GROUPING SETS, ROLLUP, and CUBE
The Brew sales dashboard needs to show three numbers on one screen: revenue per shop, revenue per drink category, and the grand total across the whole chain. The analyst sits down with SQL and writes three separate SELECTs — one with GROUP BY shop, one with GROUP BY category, and one with no grouping at all — then glues them together with UNION ALL. And that's where the pain starts: the queries have different column counts, you have to pad with NULL placeholders to line up the SELECT lists, it's easy to swap the order and end up with a "category total" landing in the shop column. Three passes over the table, three places to get it wrong, and a report nobody wants to touch.
Postgres can compute all of those slices — leaves, subtotals, and the grand total — in a single pass of a single query. The GROUP BY extensions: ROLLUP, CUBE, and GROUPING SETS.
Plain GROUP BY gives only the leaves
GROUP BY (shop, category) groups by each pair of values and returns one row per combination: (Central, coffee), (Central, tea), (North, coffee), (North, tea). Those are the "leaves" — the most detailed cells. Plain GROUP BY produces no "total for Central" or "total for the chain": to get them you need another query with coarser grouping. That's exactly where those three UNION ALLed SELECTs come from.
ROLLUP adds hierarchical subtotals
GROUP BY ROLLUP (shop, category) computes the leaves — and on top of them adds subtotals over the prefixes of the column list, working right to left. For (shop, category) that means: each shop gets an extra row where category is rolled up (subtotal per shop), plus one row where both columns are rolled up (grand total). The hierarchy reads as a tree: shop → its categories, and at the root the total over everything. A rolled-up column in a subtotal row arrives as NULL; in the demo we label such levels with coalesce(shop, '— все —').
CUBE adds every combination of rollup
ROLLUP only rolls up along the "left to right" hierarchy: it won't give you a subtotal per category on its own (where shop is rolled up but category is not). GROUP BY CUBE (shop, category) covers that: it computes every combination of which columns are rolled up and which are not. For two columns that's four variants: both expanded (leaves), category rolled up (subtotal per shop), shop rolled up (subtotal per category — "how much coffee across the whole chain"), both rolled up (grand total). CUBE is ROLLUP plus exactly those cross-cut category slices.
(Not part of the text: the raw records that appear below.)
(* Let $n\ge 2$, $N=\binom n2$, and let $F$ be a fundamental basic block with exactly $n$ reducible elements $u_1<u_2<\cdots<u_n$ and nullity $l$. Then $F$ has an adjunct representation $$F=C_0'\,]^{b_1}_{a_1}\{c_{q_1}\}\,]^{b_2}_{a_2}\{c_{q_2}\}\cdots]^{b_l}_{a_l}\{c_{q_l}\},$$ where each adjunct chain is a single element, for each $s$ we have $a_s=u_i$, $b_s=u_j$ for some $1\le i<j\le n$ with $q_s=(i-1)n-\binom i2+j-i$, $q_1<q_2<\cdots<q_l$ (so the $l$ adjunct pairs are distinct), and $C_0'$ is the chain consisting of $u_1,\dots,u_n$ together with, for each $i$ such that $(u_i,u_{i+1})$ is one of the adjunct pairs, exactly one element $x_i$ with $u_i\prec x_i\prec u_{i+1}$ (and $u_i\prec u_{i+1}$ in $C_0'$ otherwise). In particular $F$ is isomorphic to a sublattice of $\mathrm{CF}(n)$ containing all of its reducible elements.
   Context: An element of a lattice is reducible if it is $y\vee z$ or $y\wedge z$ for some $y,z$ both distinct from it; an element of a poset is doubly irreducible if it has at most one upper and at most one lower cover. The nullity $\eta(P)$ of a finite poset is $|E|-|V|+c$ for its cover graph (edges = coverings), $c$ the number of components. Adjunct operation: for disjoint lattices $L_1,L_2$ and $a<b$ in $L_1$ with $b$ not covering $a$, $L_1\,]_a^b\,L_2$ is $L_1\cup L_2$ with $x\le y$ iff $x\le y$ within $L_1$ or within $L_2$, or $x\in L_1,y\in L_2,x\le a$, or $x\in L_2,y\in L_1,b\le y$. An RC-lattice is a finite lattice whose reducible elements are pairwise comparable; it is an adjunct of chains $C_0\,]_{a_1}^{b_1}C_1\cdots]_{a_r}^{b_r}C_r$ ($C_0$ maximal chain), unique up to order of adjunct pairs. A basic block is a poset that has one element, or has no doubly irreducible elements, or from which removal of a doubly irreducible element reduces nullity by one. A fundamental basic block is an RC-lattice that is a basic block whose adjunct representation has pairwise distinct adjunct pairs. $\mathrm{CF}(n)$ denotes the fundamental basic block with $n$ reducible elements $u_1<\dots<u_n$ and nullity $\binom n2$: the chain $u_1\prec x_1\prec u_2\prec\cdots\prec x_{n-1}\prec u_n$ together with, for every $1\le i<j\le n$, one element $c_k$, $k=(i-1)n-\binom i2+j-i$, satisfying $u_i\prec c_k\prec u_j$. *)

theory Defs
  imports Main
begin

text \<open>Finite posets are represented by a carrier set V and an order relation le
  (only its values on V matter).\<close>

type_synonym 'a poset = "'a set \<times> ('a \<Rightarrow> 'a \<Rightarrow> bool)"

definition po_on :: "'a set \<Rightarrow> ('a \<Rightarrow> 'a \<Rightarrow> bool) \<Rightarrow> bool" where
  "po_on V le \<longleftrightarrow> (\<forall>x\<in>V. le x x)
     \<and> (\<forall>x\<in>V. \<forall>y\<in>V. le x y \<and> le y x \<longrightarrow> x = y)
     \<and> (\<forall>x\<in>V. \<forall>y\<in>V. \<forall>z\<in>V. le x y \<and> le y z \<longrightarrow> le x z)"

definition is_lub :: "'a set \<Rightarrow> ('a \<Rightarrow> 'a \<Rightarrow> bool) \<Rightarrow> 'a \<Rightarrow> 'a \<Rightarrow> 'a \<Rightarrow> bool" where
  "is_lub V le x y z \<longleftrightarrow> z \<in> V \<and> le x z \<and> le y z \<and> (\<forall>w\<in>V. le x w \<and> le y w \<longrightarrow> le z w)"

definition is_glb :: "'a set \<Rightarrow> ('a \<Rightarrow> 'a \<Rightarrow> bool) \<Rightarrow> 'a \<Rightarrow> 'a \<Rightarrow> 'a \<Rightarrow> bool" where
  "is_glb V le x y z \<longleftrightarrow> z \<in> V \<and> le z x \<and> le z y \<and> (\<forall>w\<in>V. le w x \<and> le w y \<longrightarrow> le w z)"

definition fin_lattice :: "'a set \<Rightarrow> ('a \<Rightarrow> 'a \<Rightarrow> bool) \<Rightarrow> bool" where
  "fin_lattice V le \<longleftrightarrow> finite V \<and> V \<noteq> {} \<and> po_on V le
     \<and> (\<forall>x\<in>V. \<forall>y\<in>V. (\<exists>z. is_lub V le x y z) \<and> (\<exists>z. is_glb V le x y z))"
GROUPING SETS — exactly the slices you need
CUBE is generous: it gives you everything, including the leaves the dashboard doesn't need. When the slices are known in advance, you list them by hand: GROUP BY GROUPING SETS ((shop), (category), ()). Each parenthesized element is a separate grouping: (shop) — totals per shop, (category) — totals per category, () — the empty grouping, i.e. the grand total. No leaves, no extra rows — exactly the three slices the report asks for. In fact ROLLUP and CUBE are sugar over GROUPING SETS: they expand into specific sets of groupings, and GROUPING SETS lets you write that set directly.
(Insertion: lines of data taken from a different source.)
lemma direct_sum_bij_betw:
  assumes "direct_sum F X Y"
  shows "bij_betw (\<lambda>w x. \<Sum>p\<in>F. w p x) (PiE F X) Y"
proof -
  have sub: "\<forall>p\<in>F. subsp (X p)" and ind: "independent_spaces F X" and Y: "sum_space F X = Y"
    using assms by (auto simp: direct_sum_def)
  have "inj_on (\<lambda>w x. \<Sum>p\<in>F. w p x) (PiE F X)"
  proof (rule inj_onI)
    fix v w assume v: "v \<in> PiE F X" and w: "w \<in> PiE F X"
      and eq: "(\<lambda>x. \<Sum>p\<in>F. v p x) = (\<lambda>x. \<Sum>p\<in>F. w p x)"
    have "\<forall>p\<in>F. (\<lambda>x. v p x - w p x) \<in> X p"
      using v w sub by (auto simp: PiE_iff intro: subsp_diff)
    moreover have "(\<lambda>x. \<Sum>p\<in>F. v p x - w p x) = (\<lambda>x. 0)"
      using eq by (simp add: sum_subtractf fun_eq_iff)
    ultimately have "\<forall>p\<in>F. (\<lambda>x. v p x - w p x) = (\<lambda>x. 0)"
      using independent_spacesD[OF ind, of "\<lambda>p x. v p x - w p x"] by blast
    then show "v = w"
      using v w by (intro PiE_ext) (auto simp: fun_eq_iff)
  qed
  moreover have "(\<lambda>w x. \<Sum>p\<in>F. w p x) ` PiE F X = sum_space F X"
  proof
    show "(\<lambda>w x. \<Sum>p\<in>F. w p x) ` PiE F X \<subseteq> sum_space F X"
      by (auto simp: PiE_iff intro: sum_spaceI)
    show "sum_space F X \<subseteq> (\<lambda>w x. \<Sum>p\<in>F. w p x) ` PiE F X"
    proof
      fix f assume "f \<in> sum_space F X"
      then obtain w where "f = (\<lambda>x. \<Sum>p\<in>F. w p x)" "\<forall>p\<in>F. w p \<in> X p"
        by (rule sum_spaceE)
      then show "f \<in> (\<lambda>w x. \<Sum>p\<in>F. w p x) ` PiE F X"
        by (intro image_eqI[of _ _ "restrict w F"]) auto
    qed
  qed
  ultimately show ?thesis unfolding bij_betw_def Y by blast
qed

lemma direct_sumD:
  assumes "direct_sum F X Y"
  shows "finite F" "\<forall>p\<in>F. subsp (X p)" "sum_space F X = Y" "independent_spaces F X"
    "\<forall>p\<in>F. X p \<subseteq> Y"
  using assms subset_sum_space[of F X] by (auto simp: direct_sum_def)

definition plus_space :: "('b \<Rightarrow> 'k::field) set \<Rightarrow> ('b \<Rightarrow> 'k) set \<Rightarrow> ('b \<Rightarrow> 'k) set" where
  "plus_space A B = {(\<lambda>x. a x + b x) | a b. a \<in> A \<and> b \<in> B}"

lemma plus_spaceI: "a \<in> A \<Longrightarrow> b \<in> B \<Longrightarrow> (\<lambda>x. a x + b x) \<in> plus_space A B"
  unfolding plus_space_def by blast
grouping() tells a subtotal from a real NULL
A rolled-up column in a subtotal row arrives as NULL. But NULL also occurs in real data — and then you can't tell a total row from a row with a genuine missing value. The grouping(col) function settles this: it returns 1 if the column is rolled up in this row (it's a NULL subtotal) and 0 if it's a real value. It's also handy for sorting totals to the end of each group: ORDER BY grouping(shop), shop, grouping(category), category — first the rows with a real shop, then the per-shop subtotal. In the demo we add both flags into a level column: level = grouping(shop) + grouping(category): 0 is data/leaf, 1 is a subtotal with one column rolled up, 2 is the grand total (both rolled up).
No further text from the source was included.